Irish Rising in America

The 2002 Irish Tour of America

Biographies

Introducing the Irish: Louis John Mooney, Brendan Kelly & Conor Buckley

Three Irish university students planning careers in politics, law and engineering have won the 42nd annual Irish Times Debate Final held Friday, Feb. 22 on the campus of NUI Maynooth. The three winners won a two-week tour of the United States sponsored jointly by The Irish Times and the National Parliamentary Debate Association. The tour will include a stop at the NPDA national championship, where the three winners will meet America’s best debaters in an exhibition on Friday, March 22 in Denver.

“I’m overwhelmed with joy,’’ said Louis John Mooney, speaking for all three. “It’s vindication for a lot of hard work.”
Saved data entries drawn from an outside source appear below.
lemma cond_exp_if_contractive_retraction:
  fixes \<Psi> :: "'a::complex_inner_space op \<Rightarrow> 'a op"
  assumes nontriv: "\<exists>x::'a. x \<noteq> 0" and "S \<subseteq> BH" and "M \<subseteq> S" and "id \<in> M"
    and into: "\<And>T. T \<in> S \<Longrightarrow> \<Psi> T \<in> M" and fixed: "\<And>T. T \<in> M \<Longrightarrow> \<Psi> T = T"
    and add: "\<And>T1 T2. T1 \<in> S \<Longrightarrow> T2 \<in> S \<Longrightarrow> \<Psi> (op_plus T1 T2) = op_plus (\<Psi> T1) (\<Psi> T2)"
    and scale: "\<And>a T. T \<in> S \<Longrightarrow> \<Psi> (op_scale a T) = op_scale a (\<Psi> T)"
    and contractive: "\<And>T. T \<in> S \<Longrightarrow> opnorm (\<Psi> T) \<le> opnorm T"
  shows "cond_exp \<Psi> S M"
  unfolding cond_exp_def
proof (intro conjI ballI allI)
  show "\<Psi> ` S = M"
    using into fixed \<open>M \<subseteq> S\<close> by (auto intro: rev_image_eqI)
  show "\<Psi> (\<Psi> T) = \<Psi> T" if "T \<in> S" for T
    using fixed into that by blast
  show "Sup {opnorm (\<Psi> T) | T. T \<in> S \<and> opnorm T \<le> 1} = 1"
  proof (rule cSup_eq_maximum)
    show "1 \<in> {opnorm (\<Psi> T) | T. T \<in> S \<and> opnorm T \<le> 1}"
      using \<open>id \<in> M\<close> \<open>M \<subseteq> S\<close> fixed opnorm_id[OF nontriv] by force
    show "r \<le> 1" if "r \<in> {opnorm (\<Psi> T) | T. T \<in> S \<and> opnorm T \<le> 1}" for r
      using that contractive by force
  qed
qed (use add scale in blast)+

section \<open>Limits along ultrafilters\<close>

lemma ultrafilter_tendsto_compact:
  fixes f :: "'a \<Rightarrow> 'b::topological_space"
  assumes nonbot: "F \<noteq> bot" and ultra: "\<And>P. eventually P F \<or> eventually (\<lambda>x. \<not> P x) F"
    and K: "compact K" and f_in_K: "eventually (\<lambda>x. f x \<in> K) F"
  shows "\<exists>L. (f \<longlongrightarrow> L) F"
proof -
  have "filtermap f F \<noteq> bot"
    using nonbot by (simp add: filtermap_bot_iff)
  moreover have "eventually (\<lambda>z. z \<in> K) (filtermap f F)"
    using f_in_K by (simp add: eventually_filtermap)
  ultimately obtain L where L: "inf (nhds L) (filtermap f F) \<noteq> bot"
    using K unfolding compact_filter by blast
  have "(f \<longlongrightarrow> L) F"
  proof (rule topological_tendstoI)
    fix S assume "open S" "L \<in> S"
    show "eventually (\<lambda>x. f x \<in> S) F"
    proof (rule ccontr)
      assume "\<not> eventually (\<lambda>x. f x \<in> S) F"
      then have "eventually (\<lambda>z. z \<notin> S) (filtermap f F)"
        using ultra by (simp add: eventually_filtermap) blast
      moreover have "eventually (\<lambda>z. z \<in> S) (nhds L)"
        using \<open>open S\<close> \<open>L \<in> S\<close> by (rule eventually_nhds_in_open)
      ultimately have "eventually (\<lambda>z. False) (inf (nhds L) (filtermap f F))"
        unfolding eventually_inf by blast
      then show False
        using L by (simp add: eventually_False)
    qed
  qed
  then show ?thesis
    by blast
qed

lemma free_ultrafilter_tendsto_exists:
  fixes f :: "nat \<Rightarrow> complex"
  assumes "free_ultrafilter p" and "\<And>n. cmod (f n) \<le> M"
  shows "\<exists>L. (f \<longlongrightarrow> L) p"
  using assms unfolding free_ultrafilter_def
  by (intro ultrafilter_tendsto_compact[OF _ _ compact_cball[of 0 M]])
    (auto simp: dist_norm intro: always_eventually)

lemma free_ultrafilter_le_sequentially:
  assumes "free_ultrafilter p"
  shows "p \<le> sequentially"
  unfolding le_sequentially
proof
  fix N
  have "\<forall>k\<in>{..<N}. eventually (\<lambda>n. n \<noteq> k) p"
    using assms unfolding free_ultrafilter_def by blast
  then have "eventually (\<lambda>n. \<forall>k\<in>{..<N}. n \<noteq> k) p"
    by (simp add: eventually_ball_finite)
  then show "eventually (\<lambda>n. N \<le> n) p"
    by (rule eventually_mono) (auto intro: leI)
qed

text \<open>Finitely many vectors, viewed as square-summable sequences supported at index \<open>0\<close>.\<close>
lemma ultraweak_closure_approx:
  fixes X :: "'a::complex_inner_space op" and x y :: "nat \<Rightarrow> 'a" and k :: nat
  assumes X: "X \<in> ultraweak_closure A" and "e > 0"
  shows "\<exists>a\<in>A. \<forall>j<k. cmod (cinner (X (x j)) (y j) - cinner (a (x j)) (y j)) < e"
proof -
  define xs where "xs j i = (if i = 0 then x j else 0)" for j i :: nat
  define ys where "ys j i = (if i = 0 then y j else 0)" for j i :: nat
  have summable_single: "summable (\<lambda>i::nat. (hnorm (if i = 0 then z else 0))\<^sup>2)" for z :: 'a
  proof -
    have "(\<lambda>i::nat. (hnorm (if i = 0 then z else 0))\<^sup>2) = (\<lambda>i. if i = 0 then (hnorm z)\<^sup>2 else 0)"
      by auto
    then show ?thesis
      using sums_single[of 0 "\<lambda>_. (hnorm z)\<^sup>2"] sums_summable by metis
  qed
  have series_single: "(\<Sum>i. cinner (S (xs j i)) (ys j i) - cinner (a (xs j i)) (ys j i))
      = cinner (S (x j)) (y j) - cinner (a (x j)) (y j)" for S a :: "'a op" and j
  proof -
    have "(\<lambda>i. cinner (S (xs j i)) (ys j i) - cinner (a (xs j i)) (ys j i))
        = (\<lambda>i. if i = 0 then cinner (S (x j)) (y j) - cinner (a (x j)) (y j) else 0)"
      by (auto simp: xs_def ys_def)
    then show ?thesis
      using sums_single[of 0 "\<lambda>_. cinner (S (x j)) (y j) - cinner (a (x j)) (y j)"]
      by (simp add: sums_iff)
  qed
  have "\<forall>j<k. summable (\<lambda>i. (hnorm (xs j i))\<^sup>2) \<and> summable (\<lambda>i. (hnorm (ys j i))\<^sup>2)"
    unfolding xs_def ys_def using summable_single by blast
  with X \<open>e > 0\<close> obtain a where "a \<in> A"
    and "\<forall>j<k. cmod (\<Sum>i. cinner (X (xs j i)) (ys j i) - cinner (a (xs j i)) (ys j i)) < e"
    unfolding ultraweak_closure_def by blast
  then show ?thesis
    unfolding series_single by blast
qed

lemma ultraweak_closure_subset_wot_closure:
  fixes A :: "'a::complex_inner_space op set"
  shows "ultraweak_closure A \<subseteq> wot_closure A"
proof
  fix X assume X: "X \<in> ultraweak_closure A"
  show "X \<in> wot_closure A"
    unfolding wot_closure_def
  proof (intro CollectI conjI allI impI)
    show "X \<in> BH"
      using X unfolding ultraweak_closure_def by blast
    fix F :: "('a \<times> 'a) set" and e :: real
    assume "finite F" and "e > 0"
    obtain h and k :: nat where h: "bij_betw h {..<k} F"
      using ex_bij_betw_nat_finite[OF \<open>finite F\<close>] unfolding atLeast0LessThan by blast
    obtain a where "a \<in> A"
      and close: "\<forall>j<k. cmod (cinner (X (fst (h j))) (snd (h j)) - cinner (a (fst (h j))) (snd (h j))) < e"
      using ultraweak_closure_approx[OF X \<open>e > 0\<close>, where x = "fst \<circ> h" and y = "snd \<circ> h" and k = k]
      by auto
    moreover have "\<forall>(x, y)\<in>F. cmod (cinner (X x) y - cinner (a x) y) < e"
    proof (clarify)
      fix x y assume "(x, y) \<in> F"
      then obtain j where "j < k" and "h j = (x, y)"
        using h by (metis bij_betw_iff_bijections lessThan_iff)
      moreover have "cmod (cinner (X (fst (h j))) (snd (h j)) - cinner (a (fst (h j))) (snd (h j))) < e"
        using close \<open>j < k\<close> by blast
      ultimately show "cmod (cinner (X x) y - cinner (a x) y) < e"
        by simp
    qed
    ultimately show "\<exists>a\<in>A. \<forall>(x, y)\<in>F. cmod (cinner (X x) y - cinner (a x) y) < e"
      by blast
  qed
qed

lemma commute_wot_closure:
  fixes C :: "'a::complex_hilbert_space op"
  assumes C: "C \<in> BH" and commute: "\<And>a. a \<in> A \<Longrightarrow> C \<circ> a = a \<circ> C"
    and X: "X \<in> wot_closure A"
  shows "C \<circ> X = X \<circ> C"
proof (rule ext, rule cinner_eq_imp_eq_left)
  fix x y
  define D where "D = cinner (C (X x)) y - cinner (X (C x)) y"
  have small: "cmod D < 2 * e" if "e > 0" for e
  proof -
    have "\<And>F. finite F \<Longrightarrow> \<exists>a\<in>A. \<forall>(u, v)\<in>F. cmod (cinner (X u) v - cinner (a u) v) < e"
      using X \<open>e > 0\<close> unfolding wot_closure_def by blast
    from this[of "{(x, adj C y), (C x, y)}"] obtain a where a: "a \<in> A"
      and close: "cmod (cinner (X x) (adj C y) - cinner (a x) (adj C y)) < e"
        "cmod (cinner (X (C x)) y - cinner (a (C x)) y) < e"
      by auto
    have "cinner (a x) (adj C y) = cinner (a (C x)) y"
      using fun_cong[OF commute[OF a], of x] by (simp flip: cinner_adj[OF C])
    then have "D = (cinner (X x) (adj C y) - cinner (a x) (adj C y))
        - (cinner (X (C x)) y - cinner (a (C x)) y)"
      unfolding D_def cinner_adj[OF C] by simp
    then have "cmod D \<le> cmod (cinner (X x) (adj C y) - cinner (a x) (adj C y))
        + cmod (cinner (X (C x)) y - cinner (a (C x)) y)"
      by (simp add: norm_triangle_ineq4)
    then show ?thesis
      using close by simp
  qed
  have "D = 0"
  proof (rule ccontr)
    assume "D \<noteq> 0"
    then show False
      using small[of "cmod D / 2"] by simp
  qed
  then show "cinner ((C \<circ> X) x) y = cinner ((X \<circ> C) x) y"
    unfolding D_def by simp
qed

lemma star_subalgebra_sum:
  assumes S: "star_subalgebra S" and "finite I" and f: "\<And>i. i \<in> I \<Longrightarrow> f i \<in> S"
  shows "(\<lambda>x. \<Sum>i\<in>I. f i x) \<in> S"
  using \<open>finite I\<close> f
proof (induction I rule: finite_induct)
  case empty
  have "op_scale 0 id \<in> S"
    using S unfolding star_subalgebra_def by blast
  then show ?case
    by (simp add: op_scale_def)
next
  case (insert i I)
  then have "op_plus (f i) (\<lambda>x. \<Sum>i\<in>I. f i x) \<in> S"
    using S unfolding star_subalgebra_def by blast
  then show ?case
    using insert by (simp add: op_plus_def)
qed

lemma ultraweak_closure_subset: "A \<subseteq> BH \<Longrightarrow> A \<subseteq> ultraweak_closure A"
proof
  fix X assume "A \<subseteq> BH" and "X \<in> A"
  then show "X \<in> ultraweak_closure A"
    unfolding ultraweak_closure_def by (intro CollectI conjI allI impI bexI[of _ X]) auto
qed

section \<open>Averaging over a finite unitary group\<close>

lemma finite_unitary_group_mono:
  "finite_unitary_group G A \<Longrightarrow> A \<subseteq> B \<Longrightarrow> finite_unitary_group G B"
  unfolding finite_unitary_group_def unitaries_def by blast

locale unitary_averaging =
  fixes G :: "'a::complex_hilbert_space op set"
  assumes group: "finite_unitary_group G BH"
begin

lemma finite_group: "finite G"
  and id_mem: "id \<in> G"
  and comp_mem: "V \<in> G \<Longrightarrow> W \<in> G \<Longrightarrow> V \<circ> W \<in> G"
  and adj_mem: "V \<in> G \<Longrightarrow> adj V \<in> G"
  and mem_BH: "V \<in> G \<Longrightarrow> V \<in> BH"
  and comp_adj: "V \<in> G \<Longrightarrow> V \<circ> adj V = id"
  and adj_comp: "V \<in> G \<Longrightarrow> adj V \<circ> V = id"
  using group unfolding finite_unitary_group_def unitaries_def by blast+

lemma apply_adj: "V \<in> G \<Longrightarrow> V (adj V x) = x"
  and adj_apply: "V \<in> G \<Longrightarrow> adj V (V x) = x"
  using comp_adj adj_comp by (metis comp_apply id_apply)+

lemma card_pos: "0 < card G"
  using finite_group id_mem card_gt_0_iff by blast

lemma hnorm_apply: "V \<in> G \<Longrightarrow> hnorm (V x) = hnorm x"
  using cinner_adj[OF mem_BH, of V x "V x"] adj_apply by (simp add: hnorm_def)

lemma average_add: "T \<in> BH \<Longrightarrow> unitary_average G T (x + y) = unitary_average G T x + unitary_average G T y"
  unfolding unitary_average_def
  by (simp add: BH_add mem_BH adj_mem sum.distrib scaleC_add_right)

lemma average_scaleC: "T \<in> BH \<Longrightarrow> unitary_average G T (a *\<^sub>C x) = a *\<^sub>C unitary_average G T x"
  unfolding unitary_average_def
  by (simp add: BH_scaleC mem_BH adj_mem scaleC_scaleC mult.commute flip: cvs.scale_sum_right)

lemma hnorm_average_le:
  assumes T: "T \<in> BH"
  shows "hnorm (unitary_average G T x) \<le> opnorm T * hnorm x"
proof -
  have "hnorm (\<Sum>V\<in>G. V (T (adj V x))) \<le> (\<Sum>V\<in>G. hnorm (V (T (adj V x))))"
    by (rule hnorm_sum_le)
  also have "\<dots> \<le> (\<Sum>V\<in>G. opnorm T * hnorm x)"
  proof (rule sum_mono)
    fix V assume "V \<in> G"
    then show "hnorm (V (T (adj V x))) \<le> opnorm T * hnorm x"
      using hnorm_le_opnorm[OF T, of "adj V x"] by (simp add: hnorm_apply adj_mem)
  qed
  also have "\<dots> = real (card G) * (opnorm T * hnorm x)"
    by simp
  finally show ?thesis
    using card_pos unfolding unitary_average_def
    by (simp add: hnorm_scaleC norm_divide divide_le_eq mult.commute)
qed

lemma average_BH: "T \<in> BH \<Longrightarrow> unitary_average G T \<in> BH"
  by (rule BH_I[where K = "opnorm T"]) (simp_all add: average_add average_scaleC hnorm_average_le)

lemma average_op_plus:
  "unitary_average G (op_plus S T) = op_plus (unitary_average G S) (unitary_average G T)"
  unfolding unitary_average_def op_plus_def
  by (simp add: BH_add mem_BH sum.distrib scaleC_add_right)

lemma average_op_scale: "unitary_average G (op_scale a T) = op_scale a (unitary_average G T)"
  unfolding unitary_average_def op_scale_def
  by (simp add: BH_scaleC mem_BH scaleC_scaleC mult.commute flip: cvs.scale_sum_right)

text \<open>Left translation \<open>V \<mapsto> W V\<close> permutes the group.\<close>
lemma average_commute:
  assumes W: "W \<in> G"
  shows "W (unitary_average G T x) = unitary_average G T (W x)"
proof -
  have adj_shift: "adj (adj W \<circ> V) x = adj V (W x)" if V: "V \<in> G" for V
  proof -
    have "adj (adj W \<circ> V) x = adj (adj W \<circ> V) ((adj W \<circ> V) (adj V (W x)))"
      by (simp add: apply_adj[OF V] adj_apply[OF W])
    also have "\<dots> = adj V (W x)"
      by (rule adj_apply[OF comp_mem[OF adj_mem[OF W] V]])
    finally show ?thesis .
  qed
  have "(\<Sum>V\<in>G. V (T (adj V (W x)))) = (\<Sum>V\<in>G. W (V (T (adj V x))))"
  proof (rule sum.reindex_bij_witness[where i = "\<lambda>V. W \<circ> V" and j = "\<lambda>V. adj W \<circ> V"])
    fix V assume V: "V \<in> G"
    show "W \<circ> (adj W \<circ> V) = V" "adj W \<circ> (W \<circ> V) = V"
      using comp_adj[OF W] adj_comp[OF W] by (simp_all flip: comp_assoc)
    show "adj W \<circ> V \<in> G" "W \<circ> V \<in> G"
      using V W by (simp_all add: comp_mem adj_mem)
    show "W ((adj W \<circ> V) (T (adj (adj W \<circ> V) x))) = V (T (adj V (W x)))"
      by (simp add: adj_shift[OF V] apply_adj[OF W])
  qed
  then show ?thesis
    unfolding unitary_average_def by (simp add: BH_scaleC[OF mem_BH[OF W]] BH_sum[OF mem_BH[OF W]])
qed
The Irish Times competition is a yearlong event, with preliminary rounds held in locations across Ireland. Four two-person teams, plus the four individuals advance to the championship debate. The best of the four teams and the single best individual in the Final win the Irish Times crown and the trip to America. The topic for the final round was “This house regrets the American response to September 11.”

The winning team is comprised of two students from Trinity College in Dublin who have been debating (although not always together) for six years. Brendan Kelly, 22, is a fourth-year law student from Drogheda (30 miles north of Dublin), who reached the semi-finals of the Irish Times competition in 2001. His partner Louis (pronounced Louie) John Mooney, 22, is also a fourth-year law student at Trinity who reached the semi-finals in 1999. Kelly and Mooney are also finalists in another major Irish debate championship, providing them a chance to sweep two of Ireland’s premiere debate awards in the same year. However, they will face stiff competition from TCD classmates Jim McElroy and Manus De Barra, who finished a close second in this year’s Times event – and who would love nothing more than to snag one of the two Irish debating titles.


Conor Buckley: The winning individual, Conor Buckley, 20, is a third-year electrical engineering student from University College in Cork. Raised on a farm in Rylane, in the county of Cork, Buckley took up debating because “I am an argumentative person.’’

Buckley admits he hasn’t fully absorbed the victory yet.

“I’m delighted, sure, but it’s tinged with a little guilt because their was another speaker that was so excellent,” said Buckley, referring to Ian Kehoe, the runner up in this year’s individual competition.

Buckley, who lives in the academic world of the sciences, enjoys needling future lawyers.

“I’m not like all those damn lawyers who take easy courses in college,’’ he grinned. ‘’I take real courses whose labs are harder than their whole courses!”


All three winners were ecstatic with their wins on Friday.


Brendan Kelly:“I’m extremely surprised and delighted,” said Kelly. “It will be my first trip to America.”

Kelly admits that his future career has a conservative agenda.

“I’m not one to save the whales,” he laughed. “I’m more likely to help someone sell them to the highest bidder.’’ Kelly, a self-described “political animal,” has already run for a local council position, and hopes to pursue political office as part of his law career.


Louis John Mooney: Mooney, a future attorney, says he’s been reading every newspaper he could find in preparation for the debates, and also has scoured Web sites for material.


Both Buckley and Mooney have had the opportunity to see parts of the United States before, but it will be Kelly’s first trip.